Я знал, что, хотя комиссия Стэффорда давно закончила работу, на Венеру устремились по собственному почину исследователи-добровольцы — биологи и экологи, психологи и генетики.

— Я провел на Венере четыре месяца, — сказал Леон.

— Ну и как там?

— На Венере сложно, — сказал Леон. — Я разговаривал со многими примарами, и… я не очень силен в психологии, но мое впечатление: ничего такого нет.

Я посмотрел на Андру, наши взгляды встретились, в ее глазах я прочел беспокойство. Знает, что Венера — трудная для меня тема. Ах ты, моя родная… Я улыбнулся ей: мол, не надо тревожиться, мы с тобой сами по себе. Но Андра не улыбнулась в ответ.

— Ходит слух, — продолжал Леон, — что кто-то из примаров вышел из жилого купола без скафандра и пробыл четверть часа в атмосфере Венеры без всякого вреда для себя. Понимаете, что это значит? Правда, проверить достоверность слуха не удалось.

— Чепуха, — сказал один из наших гостей, конструктор Гинчев. — Психологическое обособление не может вызвать такие резкие сдвиги в физиологии. Примары остаются людьми, а человек без скафандра задохнется в венерианской атмосфере.

«Остаются людьми»… Что-то у меня испортилось настроение, и я уже жалел, что затеял этот разговор.

— Лучше всего, — сказал я, — оставить примаров в покое.

— Да как же так — в покое! — тут же вскинулся Гинчев. — Человечество должно заботиться о своих посланцах. Надо отсеять пустые слухи и научно…

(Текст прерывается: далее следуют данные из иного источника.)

(* For every positive integer $n$, $$(\sigma\ast\delta)(n)=\tfrac12\,(\mathbf 1\ast \tau\delta)(n),$$ where $\tau\delta$ is the pointwise product.
   Context: The arithmetic derivative $\delta$ is defined by $\delta(p)=1$ for every prime $p$ and $\delta(mn)=m\delta(n)+n\delta(m)$ for all positive integers $m,n$; equivalently $\delta(1)=0$ and $\delta(n)=n\sum_{p^\alpha\| n}\alpha/p$. $\mathbf 1(n)=1$ for all $n$, $\sigma(n)$ is the sum of the positive divisors of $n$, $\tau(n)$ is the number of positive divisors of $n$. The Dirichlet convolution is $(u\ast v)(n)=\sum_{d\mid n}u(d)v(n/d)$. *)

theory Defs
  imports Complex_Main "HOL-Computational_Algebra.Primes"
begin

text \<open>Arithmetic derivative: delta(n) = n * sum over p^a || n of a/p; delta(0) = 0 by convention
  (only positive arguments are used).\<close>
definition arith_deriv :: "nat \<Rightarrow> nat" where
  "arith_deriv n = (\<Sum>p\<in>prime_factors n. multiplicity p n * (n div p))"

definition divisor_sigma :: "nat \<Rightarrow> nat" where
  "divisor_sigma n = (\<Sum>d | d dvd n. d)"

definition divisor_tau :: "nat \<Rightarrow> nat" where
  "divisor_tau n = card {d. d dvd n}"

definition dirichlet_conv :: "(nat \<Rightarrow> 'a::comm_semiring_1) \<Rightarrow> (nat \<Rightarrow> 'a) \<Rightarrow> nat \<Rightarrow> 'a" where
  "dirichlet_conv u v n = (\<Sum>d | d dvd n. u d * v (n div d))"

end

theory Submission
  imports Defs
begin

text \<open>Since \<open>\<sigma> = id \<ast> \<one>\<close>, associativity and commutativity of Dirichlet convolution give
  \<open>\<sigma> \<ast> \<delta> = \<one> \<ast> (id \<ast> \<delta>)\<close>. The Leibniz rule turns every term of
  \<open>(id \<ast> \<delta>)(n) + (\<delta> \<ast> id)(n) = \<Sum>\<^bsub>d | n\<^esub> (d \<delta>(n/d) + (n/d) \<delta>(d))\<close> into \<open>\<delta>(n)\<close>, so
  \<open>id \<ast> \<delta> = \<tau>\<delta> / 2\<close> pointwise.\<close>

lemma dirichlet_conv_cong:
  assumes "\<And>d. d dvd n \<Longrightarrow> u d = u' d" and "\<And>d. d dvd n \<Longrightarrow> v d = v' d"
  shows "dirichlet_conv u v n = dirichlet_conv u' v' n"
  unfolding dirichlet_conv_def by (rule sum.cong) (auto simp: assms)

lemma dirichlet_conv_commute:
  assumes "n > 0"
  shows "dirichlet_conv u v n = dirichlet_conv v u n"
  unfolding dirichlet_conv_def
  by (rule sum.reindex_bij_witness[of _ "\<lambda>d. n div d" "\<lambda>d. n div d"])
     (use assms in \<open>auto simp: div_div_eq_right dvd_div_eq_mult mult.commute\<close>)

lemma dirichlet_conv_assoc:
  assumes n: "n > 0"
  shows "dirichlet_conv (dirichlet_conv u v) w n = dirichlet_conv u (dirichlet_conv v w) n"
proof -
  let ?S = "Sigma {d. d dvd n} (\<lambda>d. {e. e dvd d})"
  let ?T = "Sigma {e. e dvd n} (\<lambda>e. {f. f dvd n div e})"
  have fin: "finite {e. e dvd m}" if "m dvd n" for m
    using n that by (auto dest: dvd_pos_nat)
  have to_S: "e * f dvd n \<and> e * f div e = f \<and> n div (e * f) = n div e div f"
    if "e dvd n" "f dvd n div e" for e f
  proof -
    from that obtain j where j: "n = e * j" by auto
    with that n obtain k where k: "j = f * k" by auto
    show ?thesis using n j k by (auto simp: mult.assoc div_mult2_eq)
  qed
  have to_T: "d div e dvd n div e \<and> e * (d div e) = d \<and> n div e div (d div e) = n div d"
    if "d dvd n" "e dvd d" for d e
  proof -
    from that obtain j k where "n = d * j" "d = e * k" by (auto elim!: dvdE)
    then show ?thesis using n by (auto simp: mult.assoc div_mult2_eq)
  qed
  have "dirichlet_conv (dirichlet_conv u v) w n = (\<Sum>(d, e)\<in>?S. u e * v (d div e) * w (n div d))"
    unfolding dirichlet_conv_def sum_distrib_right
    by (subst sum.Sigma) (use fin in auto)
  also have "\<dots> = (\<Sum>(e, f)\<in>?T. u e * (v f * w (n div e div f)))"
    by (rule sum.reindex_bij_witness[of _ "\<lambda>(e, f). (e * f, e)" "\<lambda>(d, e). (e, d div e)"])
       (auto simp: to_S to_T mult.assoc)
  also have "\<dots> = dirichlet_conv u (dirichlet_conv v w) n"
    unfolding dirichlet_conv_def sum_distrib_left
    by (subst sum.Sigma) (use n in \<open>auto dest: dvd_pos_nat\<close>)
  finally show ?thesis .
qed

lemma divisor_sigma_eq_dirichlet_conv:
  assumes "n > 0"
  shows "real (divisor_sigma n) = dirichlet_conv (\<lambda>k. 1) real n"
proof -
  have "real (divisor_sigma n) = dirichlet_conv real (\<lambda>k. 1) n"
    by (simp add: divisor_sigma_def dirichlet_conv_def)
  then show ?thesis using dirichlet_conv_commute[OF assms] by simp
qed

lemma arith_deriv_eq_sum:
  assumes "m > 0" "finite A" "prime_factors m \<subseteq> A" "\<forall>p\<in>A. prime p"
  shows "arith_deriv m = (\<Sum>p\<in>A. multiplicity p m * (m div p))"
  unfolding arith_deriv_def
proof (rule sum.mono_neutral_left[OF assms(2,3)])
  show "\<forall>p\<in>A - prime_factors m. multiplicity p m * (m div p) = 0"
    using assms by (auto simp: prime_factors_dvd not_dvd_imp_multiplicity_0)
qed

lemma multiplicity_mult_div_prime:
  assumes "prime p"
  shows "multiplicity p m * (m * n div p) = n * (multiplicity p m * (m div p))"
proof (cases "p dvd m")
  case True
  then obtain k where "m = p * k" by blast
  then show ?thesis using assms by (simp add: prime_gt_0_nat)
qed (simp add: not_dvd_imp_multiplicity_0)

lemma arith_deriv_mult:
  assumes m: "m > 0" and n: "n > 0"
  shows "arith_deriv (m * n) = m * arith_deriv n + n * arith_deriv m"
proof -
  define A where "A = prime_factors m \<union> prime_factors n"
  have A: "finite A" "\<forall>p\<in>A. prime p" "prime_factors (m * n) = A"
    unfolding A_def using m n by (auto simp: prime_factors_product)
  have "arith_deriv (m * n) = (\<Sum>p\<in>A. multiplicity p (m * n) * (m * n div p))"
    using arith_deriv_eq_sum[of "m * n" A] A m n by simp
  also have "\<dots> = (\<Sum>p\<in>A. m * (multiplicity p n * (n div p)) + n * (multiplicity p m * (m div p)))"
  proof (rule sum.cong[OF refl])
    fix p assume "p \<in> A"
    then have p: "prime p" using A by auto
    have mult_distrib: "multiplicity p (m * n) = multiplicity p m + multiplicity p n"
      using p m n by (simp add: prime_elem_multiplicity_mult_distrib)
    show "multiplicity p (m * n) * (m * n div p)
        = m * (multiplicity p n * (n div p)) + n * (multiplicity p m * (m div p))"
      unfolding mult_distrib add_mult_distrib multiplicity_mult_div_prime[OF p]
        multiplicity_mult_div_prime[OF p, of n m, unfolded mult.commute[of n m]]
      by simp
  qed
  also have "\<dots> = m * arith_deriv n + n * arith_deriv m"
    using arith_deriv_eq_sum[of m A] arith_deriv_eq_sum[of n A] A m n unfolding A_def
    by (simp add: sum.distrib sum_distrib_left)
  finally show ?thesis .
qed

lemma dirichlet_conv_id_arith_deriv:
  assumes n: "n > 0"
  shows "2 * dirichlet_conv real (\<lambda>k. real (arith_deriv k)) n
       = real (divisor_tau n) * real (arith_deriv n)"
proof -
  let ?C = "dirichlet_conv real (\<lambda>k. real (arith_deriv k)) n"
  have "2 * ?C = ?C + dirichlet_conv (\<lambda>k. real (arith_deriv k)) real n"
    using dirichlet_conv_commute[OF n] by simp
  also have "\<dots> = (\<Sum>d | d dvd n. real (d * arith_deriv (n div d) + n div d * arith_deriv d))"
    by (simp add: dirichlet_conv_def sum.distrib mult.commute)
  also have "\<dots> = (\<Sum>d | d dvd n. real (arith_deriv n))"
  proof (rule sum.cong[OF refl])
    fix d assume "d \<in> {d. d dvd n}"
    then obtain k where k: "n = d * k" by auto
    then have "d > 0" "k > 0" using n by auto
    then show "real (d * arith_deriv (n div d) + n div d * arith_deriv d) = real (arith_deriv n)"
      using k arith_deriv_mult[of d k] by simp
  qed
  also have "\<dots> = real (divisor_tau n) * real (arith_deriv n)"
    by (simp add: divisor_tau_def)
  finally show ?thesis .
qed

theorem mainTheorem7:
  fixes n :: nat
  assumes "n > 0"
  shows "dirichlet_conv (\<lambda>k. real (divisor_sigma k)) (\<lambda>k. real (arith_deriv k)) n
       = (1/2) * dirichlet_conv (\<lambda>k. 1) (\<lambda>k. real (divisor_tau k) * real (arith_deriv k)) n"
proof -
  have pos: "d > 0" if "d dvd n" for d
    using assms that by (auto dest: dvd_pos_nat)
  have "dirichlet_conv (\<lambda>k. real (divisor_sigma k)) (\<lambda>k. real (arith_deriv k)) n
      = dirichlet_conv (dirichlet_conv (\<lambda>k. 1) real) (\<lambda>k. real (arith_deriv k)) n"
    by (rule dirichlet_conv_cong) (simp_all add: divisor_sigma_eq_dirichlet_conv pos)
  also have "\<dots> = dirichlet_conv (\<lambda>k. 1) (dirichlet_conv real (\<lambda>k. real (arith_deriv k))) n"
    by (rule dirichlet_conv_assoc[OF assms])
  also have "\<dots> = dirichlet_conv (\<lambda>k. 1) (\<lambda>k. (1/2) * (real (divisor_tau k) * real (arith_deriv k))) n"
    by (rule dirichlet_conv_cong)
       (simp_all add: dirichlet_conv_id_arith_deriv[symmetric] pos)
  also have "\<dots> = (1/2) * dirichlet_conv (\<lambda>k. 1) (\<lambda>k. real (divisor_tau k) * real (arith_deriv k)) n"
    by (simp add: dirichlet_conv_def sum_distrib_left)
  finally show ?thesis .
qed

end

— Сделай одолжение, не кричи, — перебил я его, морщась.

Гинчев вдруг умолк, глядя на меня и часто моргая. Вспомнил, должно быть, что я примар.

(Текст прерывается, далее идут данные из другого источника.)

lemma measurable_of_discrete_path: "of_discrete_path \<in> measurable projective_limit.lim path_space"
  unfolding measurable_cong_sets[OF projective_limit.sets_lim refl] path_space_def of_discrete_path_def
proof (rule measurable_PiM_single')
  fix t :: int
  have "of_discrete \<in> measurable (borel :: 'g discrete measure) (count_space UNIV)"
    unfolding measurable_cong_sets[OF sets_borel_eq_count_space refl] by simp
  then show "(\<lambda>x. of_discrete (x t)) \<in> measurable (PiM UNIV (\<lambda>_. borel :: 'g discrete measure)) (count_space UNIV)"
    by (rule measurable_compose[rotated]) simp
qed (auto simp: space_PiM)

lemma sets_limit_law: "sets limit_law = sets path_space"
  by (simp add: limit_law_def)

lemma space_limit_law: "space limit_law = UNIV"
  by (simp add: limit_law_def path_space_def space_PiM)

lemma prob_space_limit_law: "prob_space limit_law"
  unfolding limit_law_def by (rule projective_limit.P.prob_space_distr[OF measurable_of_discrete_path])

end

lemma rectangle_in_sets_path_space:
  "finite S \<Longrightarrow> {x. \<forall>t\<in>S. x t \<in> A t} \<in> sets path_space"
proof -
  assume "finite S"
  moreover have "{x. \<forall>t\<in>S. x t \<in> A t} = prod_emb UNIV (\<lambda>_. count_space UNIV) S (PiE S A)"
    by (auto simp: prod_emb_iff PiE_iff)
  ultimately show ?thesis unfolding path_space_def by (auto intro: sets_PiM_I)
qed

lemma cylinder_in_sets_path_space: "finite J \<Longrightarrow> cylinder J z \<in> sets path_space"
  using rectangle_in_sets_path_space[of J "\<lambda>t. {z t}"] by (simp add: cylinder_def)

context continuous_kernel
begin

lemma depends_on_borel_measurable:
  fixes f :: "(int \<Rightarrow> 'g) \<Rightarrow> real"
  assumes "finite J" "depends_on J f" "\<And>z. cylinder J z \<in> sets M"
  shows "f \<in> borel_measurable M"
proof -
  have "f = (\<lambda>x. \<Sum>z\<in>frozen_outside J. f z * indicator (cylinder J z) x)"
    using sum_indicator_cylinder[OF assms(1,2)] by simp
  also have "\<dots> \<in> borel_measurable M"
    using assms(3) by (intro borel_measurable_sum borel_measurable_times borel_measurable_const
      borel_measurable_indicator)
  finally show ?thesis .
qed

lemma measure_limit_law_cylinder:
  "measure limit_law (cylinder (window N) y) = limit_expectation N (indicator (cylinder (window N) y))"
proof -
  let ?W = "window N"
  have singleton: "{to_discrete ?W y} \<in> sets (PiM ?W (\<lambda>_. borel :: 'g discrete measure))"
  proof -
    have "{to_discrete ?W y} = PiE ?W (\<lambda>t. {discrete (y t)})"
      by (auto simp: to_discrete_def PiE_iff fun_eq_iff extensional_def)
    then show ?thesis by (simp add: sets_PiM_I_finite)
  qed
  have to_discrete_eq: "to_discrete ?W y' = to_discrete ?W y \<longleftrightarrow> y' \<in> cylinder ?W y" for y'
    by (auto simp: to_discrete_def cylinder_def fun_eq_iff restrict_def discrete_inject split: if_splits)
  have preimage: "of_discrete_path -` cylinder ?W y \<inter> space projective_limit.lim
      = prod_emb UNIV (\<lambda>_. borel) ?W {to_discrete ?W y}"
  proof -
    have "of_discrete a = c \<longleftrightarrow> a = discrete c" for a :: "'g discrete" and c
      using discrete_inverse[of c] of_discrete_inverse[of a] by auto
    then have "restrict x ?W = to_discrete ?W y \<longleftrightarrow> (\<forall>t\<in>?W. of_discrete (x t) = y t)" for x :: "int \<Rightarrow> 'g discrete"
      by (auto simp: to_discrete_def fun_eq_iff restrict_def split: if_splits)
    then show ?thesis by (auto simp: cylinder_def of_discrete_path_def prod_emb_iff space_PiM)
  qed
  have "measure limit_law (cylinder ?W y)
      = measure projective_limit.lim (of_discrete_path -` cylinder ?W y \<inter> space projective_limit.lim)"
    unfolding limit_law_def
    by (rule measure_distr[OF measurable_of_discrete_path cylinder_in_sets_path_space]) simp
  also have "\<dots> = measure (marginal ?W) {to_discrete ?W y}"
    unfolding preimage by (rule projective_limit.measure_lim_emb) (auto intro: singleton)
  also have "\<dots> = limit_expectation N (\<lambda>y'. indicator {to_discrete ?W y} (to_discrete ?W y'))"
    unfolding measure_def emeasure_marginal[OF finite_atLeastAtMost_int radius_le[OF finite_atLeastAtMost_int order_refl] singleton]
    by (intro enn2real_ennreal limit_expectation_nonneg) auto
  also have "(\<lambda>y'. indicator {to_discrete ?W y} (to_discrete ?W y')) = indicator (cylinder ?W y)"
    by (auto simp: indicator_def to_discrete_eq)
  finally show ?thesis .
qed

lemma integral_limit_law_local:
  assumes f: "depends_on (window N) f"
  shows "(\<integral>x. f x \<partial>limit_law) = limit_expectation N f"
proof -
  interpret prob_space limit_law by (rule prob_space_limit_law)
  have cyl: "cylinder (window N) y \<in> sets limit_law" for y
    by (simp add: sets_limit_law cylinder_in_sets_path_space)
  have "(\<integral>x. f x \<partial>limit_law)
      = (\<integral>x. (\<Sum>y\<in>frozen_outside (window N). f y * indicator (cylinder (window N) y) x) \<partial>limit_law)"
    using sum_indicator_cylinder[OF _ f] by simp
  also have "\<dots> = (\<Sum>y\<in>frozen_outside (window N). \<integral>x. f y * indicator (cylinder (window N) y) x \<partial>limit_law)"
    using cyl by (intro Bochner_Integration.integral_sum integrable_mult_right integrable_real_indicator)
      (auto simp: emeasure_finite less_top[symmetric])
  also have "\<dots> = (\<Sum>y\<in>frozen_outside (window N). f y * measure limit_law (cylinder (window N) y))"
    using cyl by simp
  also have "\<dots> = limit_expectation N (\<lambda>x. \<Sum>y\<in>frozen_outside (window N). f y * indicator (cylinder (window N) y) x)"
    by (simp add: measure_limit_law_cylinder limit_expectation_sum)
  also have "\<dots> = limit_expectation N f"
    using sum_indicator_cylinder[OF _ f] by simp
  finally show ?thesis .
qed

end

lemma space_past_algebra: "space (past_algebra n) = UNIV"
  unfolding past_algebra_def path_space_def by (simp add: space_PiM)

lemma sets_past_algebra: "sets (past_algebra n) = sigma_sets UNIV {{x. x j \<in> B} | j B. j < n}"
  unfolding past_algebra_def path_space_def by (subst sets_measure_of) (auto simp: space_PiM)

lemma coordinate_in_sets_past_algebra: "j < n \<Longrightarrow> {x. x j \<in> B} \<in> sets (past_algebra n)"
  unfolding sets_past_algebra by (rule sigma_sets.Basic) auto

lemma cylinder_in_sets_past_algebra:
  assumes "finite J" "J \<subseteq> {..<n}"
  shows "cylinder J z \<in> sets (past_algebra n)"
proof (cases "J = {}")
  case True then show ?thesis
    using sets.top[of "past_algebra n"] by (simp add: cylinder_def space_past_algebra)
next
  case False
  have "cylinder J z = (\<Inter>t\<in>J. {x. x t \<in> {z t}})" by (auto simp: cylinder_def)
  also have "\<dots> \<in> sets (past_algebra n)"
    using assms False by (intro sets.finite_INT coordinate_in_sets_past_algebra) auto
  finally show ?thesis .
qed

context continuous_kernel
begin

text \<open>The kernel read off a window of length L of the past (with b beyond it) approximates
  the kernel uniformly; this gives measurability of the kernel as a function of the path.\<close>

definition truncated_kernel :: "int \<Rightarrow> nat \<Rightarrow> 'g \<Rightarrow> (int \<Rightarrow> 'g) \<Rightarrow> real" where
  "truncated_kernel n L g x = p g (past n (\<lambda>t. if n - int L \<le> t \<and> t < n then x t else b))"

lemma depends_on_truncated_kernel: "depends_on {n - int L..<n} (truncated_kernel n L g)"
  unfolding depends_on_def truncated_kernel_def
  by (auto intro!: arg_cong[where f = "\<lambda>x. p g (past n x)"])

lemma truncated_kernel_approx:
  assumes "\<epsilon> > 0"
  shows "\<exists>L0. \<forall>L\<ge>L0. \<forall>x. \<bar>p g (past n x) - truncated_kernel n L g x\<bar> \<le> \<epsilon>"
proof -
  obtain L0 where L0: "\<forall>w w'. (\<forall>k. 1 \<le> k \<and> k \<le> L0 \<longrightarrow> w k = w' k) \<longrightarrow> \<bar>p g w - p g w'\<bar> \<le> \<epsilon>"
    using continuous[OF assms] by blast
  have "\<bar>p g (past n x) - truncated_kernel n L g x\<bar> \<le> \<epsilon>" if "L \<ge> L0" for L x
    using that L0 unfolding truncated_kernel_def by (auto simp: past_def)
  then show ?thesis by blast
qed

lemma truncated_kernel_tendsto: "(\<lambda>L. truncated_kernel n L g x) \<longlonglongrightarrow> p g (past n x)"
proof (rule LIMSEQ_I)
  fix r :: real assume "r > 0"
  then obtain L0 where L0: "\<forall>L\<ge>L0. \<forall>x. \<bar>p g (past n x) - truncated_kernel n L g x\<bar> \<le> r / 2"
    using truncated_kernel_approx[of "r / 2"] by force
  have "norm (truncated_kernel n L g x - p g (past n x)) < r" if "L \<ge> L0" for L
  proof -
    have "norm (truncated_kernel n L g x - p g (past n x)) = \<bar>p g (past n x) - truncated_kernel n L g x\<bar>"
      by (simp add: abs_minus_commute)
    moreover have "\<bar>p g (past n x) - truncated_kernel n L g x\<bar> \<le> r / 2" using L0 that by blast
    ultimately show ?thesis using \<open>r > 0\<close> by linarith
  qed
  then show "\<exists>L0. \<forall>L\<ge>L0. norm (truncated_kernel n L g x - p g (past n x)) < r" by blast
qed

В наступившем молчании было слышно, как Гинчев завозил под столом ногами. Борг отхлебнул вина из своего стакана, тихонько крякнул. Андра сидела против меня, странно ссутулившись, скрестив руки и обхватив длинными пальцами свои обнаженные локти. Чем-то в эту минуту она была похожа на свою мать. Да, да, вот так же, в напряженной позе, сидела когда-то Ронга в забитом пассажирами коридоре корабля, с широко раскрытыми глазами, в которых застыл ужас.

Что было в глазах у Андры?

Вдруг она выпрямилась, тряхнула головой и, взглянув на меня, слабо и как-то растерянно улыбнулась. Узкие кисти ее загорелых рук теперь лежали на столе. Я с трудом поборол искушение взять эти беспомощные руки в свои…

***

Жизнь пилотская!

Не успел мой отпуск перевалить за половину, как меня отозвали и предложили внерейсовый полет на Венеру.

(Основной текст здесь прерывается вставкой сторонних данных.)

lemma sorted_decomp_unique:
  fixes A B A' B' :: "nat list"
  assumes "sorted A" "sorted B" "sorted A'" "sorted B'" "A @ B = A' @ B'" "\<not> sorted (A @ B)"
  shows "A = A'"
proof -
  from assms(5) obtain us where
    us: "(A = A' @ us \<and> us @ B = B') \<or> (A @ us = A' \<and> B = us @ B')"
    by (auto simp: append_eq_append_conv2)
  show ?thesis
  proof (cases "us = []")
    case True
    then show ?thesis using us by auto
  next
    case False
    then obtain u where u: "u \<in> set us" by (cases us) auto
    from us show ?thesis
    proof
      assume h: "A = A' @ us \<and> us @ B = B'"
      have s1: "sorted (A' @ us)" "sorted (us @ B)" using assms(1,4) h by auto
      have f: "sorted A'" "sorted us" "sorted B" "\<forall>x\<in>set A'. \<forall>y\<in>set us. x \<le> y"
        "\<forall>x\<in>set us. \<forall>y\<in>set B. x \<le> y" using s1 by (simp_all add: sorted_append)
      have "\<forall>x\<in>set A'. \<forall>y\<in>set B. x \<le> y" using f(4,5) u by (meson order_trans)
      then have "sorted (A' @ us @ B)"
        using f by (auto simp add: sorted_append)
      then show ?thesis using assms(6) h by simp
    next
      assume h: "A @ us = A' \<and> B = us @ B'"
      have s1: "sorted (A @ us)" "sorted (us @ B')" using assms(2,3) h by auto
      have f: "sorted A" "sorted us" "sorted B'" "\<forall>x\<in>set A. \<forall>y\<in>set us. x \<le> y"
        "\<forall>x\<in>set us. \<forall>y\<in>set B'. x \<le> y" using s1 by (simp_all add: sorted_append)
      have "\<forall>x\<in>set A. \<forall>y\<in>set B'. x \<le> y" using f(4,5) u by (meson order_trans)
      then have "sorted (A @ us @ B')"
        using f by (auto simp add: sorted_append)
      then show ?thesis using assms(6) h by simp
    qed
  qed
qed

lemma iso_map_mono:
  fixes h :: "nat \<Rightarrow> nat"
  assumes "\<And>x y. x \<in> set xs \<Longrightarrow> y \<in> set xs \<Longrightarrow> x < y \<Longrightarrow> h x < h y"
  shows "order_iso xs (map h xs)"
  unfolding order_iso_def
proof (intro conjI allI impI)
  fix j k assume jk: "j < length xs" "k < length xs"
  then have m: "xs!j \<in> set xs" "xs!k \<in> set xs" by auto
  show "(xs!j < xs!k) = (map h xs ! j < map h xs ! k)"
  proof
    assume "xs!j < xs!k" then show "map h xs ! j < map h xs ! k" using assms m jk by simp
  next
    assume a: "map h xs ! j < map h xs ! k"
    show "xs!j < xs!k"
    proof (rule ccontr)
      assume "\<not> xs!j < xs!k"
      then have "xs!k < xs!j \<or> xs!k = xs!j" by auto
      then have "h (xs!k) < h (xs!j) \<or> h (xs!k) = h (xs!j)" using assms m by auto
      then show False using a jk by auto
    qed
  qed
qed simp

lemma map_nth_upt_shift: "map (\<lambda>k. xs!(k-1)) [1..<length xs+1] = xs"
  by (rule nth_equalityI) (simp_all del: upt_Suc)

text \<open>For increasing ws, blocks c ws is the image of the two-block permutation with bit word c(ws)
  under the increasing map k \<mapsto> ws!(k-1), hence order-isomorphic to it.\<close>
lemma blocks_iso_sorted:
  assumes "sorted_wrt (<) ws"
  shows "order_iso (blocks (\<lambda>k. c (ws!(k-1))) [1..<length ws+1]) (blocks c ws)"
proof -
  define h where "h = (\<lambda>k. ws!(k-1))"
  define b where "b = blocks (\<lambda>k. c (h k)) [1..<length ws+1]"
  have "blocks c ws = map h b"
    unfolding b_def h_def
    by (subst (1) map_nth_upt_shift[symmetric]) (simp add: blocks_def filter_map comp_def)
  moreover have "order_iso b (map h b)"
  proof (rule iso_map_mono)
    fix x y assume "x \<in> set b" "y \<in> set b" "x < y"
    then have "x - 1 < y - 1" "y - 1 < length ws" unfolding b_def by auto
    then show "h x < h y" using assms unfolding h_def sorted_wrt_iff_nth_less by blast
  qed
  ultimately show ?thesis unfolding b_def h_def by simp
qed

lemma blocks_eq_iff:
  assumes "\<not> sorted (blocks q [1..<m+1])"
  shows "blocks q [1..<m+1] = blocks p [1..<m+1] \<longleftrightarrow> map q [1..<m+1] = map p [1..<m+1]"
proof
  assume "blocks q [1..<m+1] = blocks p [1..<m+1]"
  then have eq: "filter q [1..<m+1] = filter p [1..<m+1]"
    using sorted_decomp_unique[OF sorted_filter_upt sorted_filter_upt sorted_filter_upt sorted_filter_upt]
      assms unfolding blocks_def by metis
  have "q k = p k" if "k \<in> set [1..<m+1]" for k
  proof -
    have "k \<in> set (filter q [1..<m+1]) \<longleftrightarrow> k \<in> set (filter p [1..<m+1])" using eq by simp
    then show ?thesis using that by simp
  qed
  then show "map q [1..<m+1] = map p [1..<m+1]" by (simp del: upt_Suc)
next
  assume "map q [1..<m+1] = map p [1..<m+1]"
  then have agree: "\<forall>k\<in>set [1..<m+1]. q k = p k" by (simp only: map_eq_conv)
  have "filter q [1..<m+1] = filter p [1..<m+1]"
    by (rule filter_cong) (use agree in auto)
  moreover have "filter (\<lambda>x. \<not> q x) [1..<m+1] = filter (\<lambda>x. \<not> p x) [1..<m+1]"
    by (rule filter_cong) (use agree in auto)
  ultimately show "blocks q [1..<m+1] = blocks p [1..<m+1]" unfolding blocks_def by simp
qed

Поток добровольцев — поселенцев на Венеру усилился, несмотря на все прежние слухи. После выводов комиссии многих привлекала новая программа работ по преобразованию планеты.

Три дня наш корабль стоял на Венере, грузовые отсеки набивались контейнерами с пищеконцентратом. И только в последний день выдалось у меня несколько свободных часов, и я поехал в Дубов.

Со стесненным сердцем шел я по улицам жилого купола. Ничто здесь особенно не переменилось, только очень разрослись в скверах лианы и молочай, лишь названием напоминающий своего земного родственника. Да еще рядом с компрессорной станцией поставили новый клуб, украшенный цветными фресками с венерианским пейзажем.

В палисаднике у входа играла с куклами девочка лет трех. Она раздвинула зеленые плети лиан, и сквозь них виднелась ее хорошенькая мордочка. Я спросил, как ее зовут, но она не ответила, глядя на меня с любопытством. Дома был только отец. Он принял меня радушно, угостил превосходным пивом, но ни о чем особенно не расспрашивал. Оказывается, за годы моего отсутствия у меня появилась сестренка — та самая девочка с куклами. Вот оно как, а я даже не знал.

Нелегок был для меня разговор с отцом. Он то и дело переходил на менто, но я понимал плохо. Отец спросил, не собираюсь ли я бросить космофлот и вернуться на родину, то есть на Венеру. «Жаль, — сказал он, выслушав мой отрицательный ответ. — Мы начинаем осваивать Плато Сгоревшего Спутника, нам нужны люди».

Я прошел по комнатам, испытывая необъяснимую горечь от скрипа половиц, и от простого и грубоватого, знакомого с детства убранства, и еще оттого, что не висит больше на стене в моей комнате та цветная фотография — с лесным озером, лодкой и дедом.

В дверях стояла моя сестренка — ее звали Сабина. Выходя, я погладил ее по черноволосой головке, и она мне улыбнулась. Я присел и протянул к Сабине руки. Но сестренка не спешила ко мне в объятия. Улыбка на ее славном личике сменилась опасливым выражением. Она ничего не знала о брате, я был для нее чужим.